[Given data]
• • •
text \<open>Counting: the arcs with tail in A are among those with head in A, and balance makes
  the two numbers equal.\<close>
lemma balanced_in_closed_if_out_closed:
  assumes "finite H" "balanced H" "H `` A \<subseteq> A"
  shows "converse H `` A \<subseteq> A"
proof
  fix u assume "u \<in> converse H `` A"
  then obtain w where uw: "(u, w) \<in> H" "w \<in> A" by blast
  define B where "B = A \<inter> (fst ` H \<union> snd ` H)"
  have "finite B" using assms(1) unfolding B_def by auto
  have "{a \<in> H. fst a \<in> B} \<subseteq> {a \<in> H. snd a \<in> B}"
    using assms(3) unfolding B_def by force
  moreover have "card {a \<in> H. fst a \<in> B} = card {a \<in> H. snd a \<in> B}"
    using assms(2) \<open>finite B\<close> assms(1)
    by (simp add: card_arcs_from card_arcs_into balanced_def)
  ultimately have "{a \<in> H. fst a \<in> B} = {a \<in> H. snd a \<in> B}"
    using assms(1) by (intro card_subset_eq) auto
  moreover have "(u, w) \<in> {a \<in> H. snd a \<in> B}" using uw unfolding B_def by force
  ultimately have "(u, w) \<in> {a \<in> H. fst a \<in> B}" by simp
  then show "u \<in> A" unfolding B_def by simp
qed

lemma balanced_no_tail_in_ranked_set:
  fixes r :: "'a \<Rightarrow> nat"
  assumes "finite H" "balanced H" "H \<subseteq> D"
    and ranked: "\<forall>(v, w)\<in>D. v \<in> S \<longrightarrow> w \<in> S \<and> r w < r v"
  shows "v \<in> S \<Longrightarrow> (v, w) \<notin> H"
proof (induction "r v" arbitrary: v w rule: less_induct)
  case less
  show ?case
  proof
    assume vw: "(v, w) \<in> H"
    then have "w \<in> S" "r w < r v" using ranked \<open>H \<subseteq> D\<close> less.prems by auto
    then have "outdeg H w = 0" using less.hyps \<open>finite H\<close> by (simp add: outdeg_eq_0_iff)
    then have "indeg H w = 0" using \<open>balanced H\<close> by (simp add: balanced_def)
    then show False using vw \<open>finite H\<close> by (simp add: indeg_eq_0_iff)
  qed
qed

lemma balanced_Un_iff:
  assumes "H1 \<subseteq> V \<times> V" "H2 \<subseteq> (- V) \<times> (- V)"
  shows "balanced (H1 \<union> H2) \<longleftrightarrow> balanced H1 \<and> balanced H2"
proof -
  have "{w. (v, w) \<in> H1 \<union> H2} = (if v \<in> V then {w. (v, w) \<in> H1} else {w. (v, w) \<in> H2})"
    "{u. (u, v) \<in> H1 \<union> H2} = (if v \<in> V then {u. (u, v) \<in> H1} else {u. (u, v) \<in> H2})" for v
    using assms by auto
  then have "outdeg (H1 \<union> H2) v = (if v \<in> V then outdeg H1 v else outdeg H2 v)"
    "indeg (H1 \<union> H2) v = (if v \<in> V then indeg H1 v else indeg H2 v)" for v
    unfolding outdeg_def indeg_def by simp_all
  moreover have "{w. (v, w) \<in> H2} = {}" "{u. (u, v) \<in> H2} = {}" if "v \<in> V" for v
    using assms that by auto
  moreover have "{w. (v, w) \<in> H1} = {}" "{u. (u, v) \<in> H1} = {}" if "v \<notin> V" for v
    using assms that by auto
  ultimately show ?thesis unfolding balanced_def outdeg_def indeg_def
    by (metis card.empty add_0)
qed

text \<open>Arcs of D2 cannot be used to enter V: nothing could leave V again.\<close>
lemma balanced_arcs_outside:
  assumes "finite H" "balanced H" "H \<subseteq> D1 \<union> D2"
    and "D1 \<subseteq> V \<times> V" "fst ` D2 \<inter> V = {}"
  shows "H \<inter> D2 \<subseteq> (- V) \<times> (- V)"
proof
  fix a assume "a \<in> H \<inter> D2"
  then obtain u w where uw: "a = (u, w)" "(u, w) \<in> H" "(u, w) \<in> D2" by (cases a) auto
  let ?A = "- fst ` D2"
  have "H `` ?A \<subseteq> ?A"
  proof
    fix y assume "y \<in> H `` ?A"
    then obtain x where "(x, y) \<in> H" "x \<notin> fst ` D2" by blast
    then have "(x, y) \<in> D1" using assms(3) by force
    then show "y \<in> ?A" using assms(4,5) by blast
  qed
  then have "converse H `` ?A \<subseteq> ?A"
    by (rule balanced_in_closed_if_out_closed[OF assms(1,2)])
  then have "w \<notin> ?A" using uw by force
  then show "a \<in> (- V) \<times> (- V)" using uw assms(5) by force
qed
• • •
[Exercise prompt]
Scan the material above for the string "times" and report each line where you find it.

[Solution to this exercise]
  assumes "H1 \<subseteq> V \<times> V" "H2 \<subseteq> (- V) \<times> (- V)"
    and "D1 \<subseteq> V \<times> V" "fst ` D2 \<inter> V = {}"
  shows "H \<inter> D2 \<subseteq> (- V) \<times> (- V)"
  then show "a \<in> (- V) \<times> (- V)" using uw assms(5) by force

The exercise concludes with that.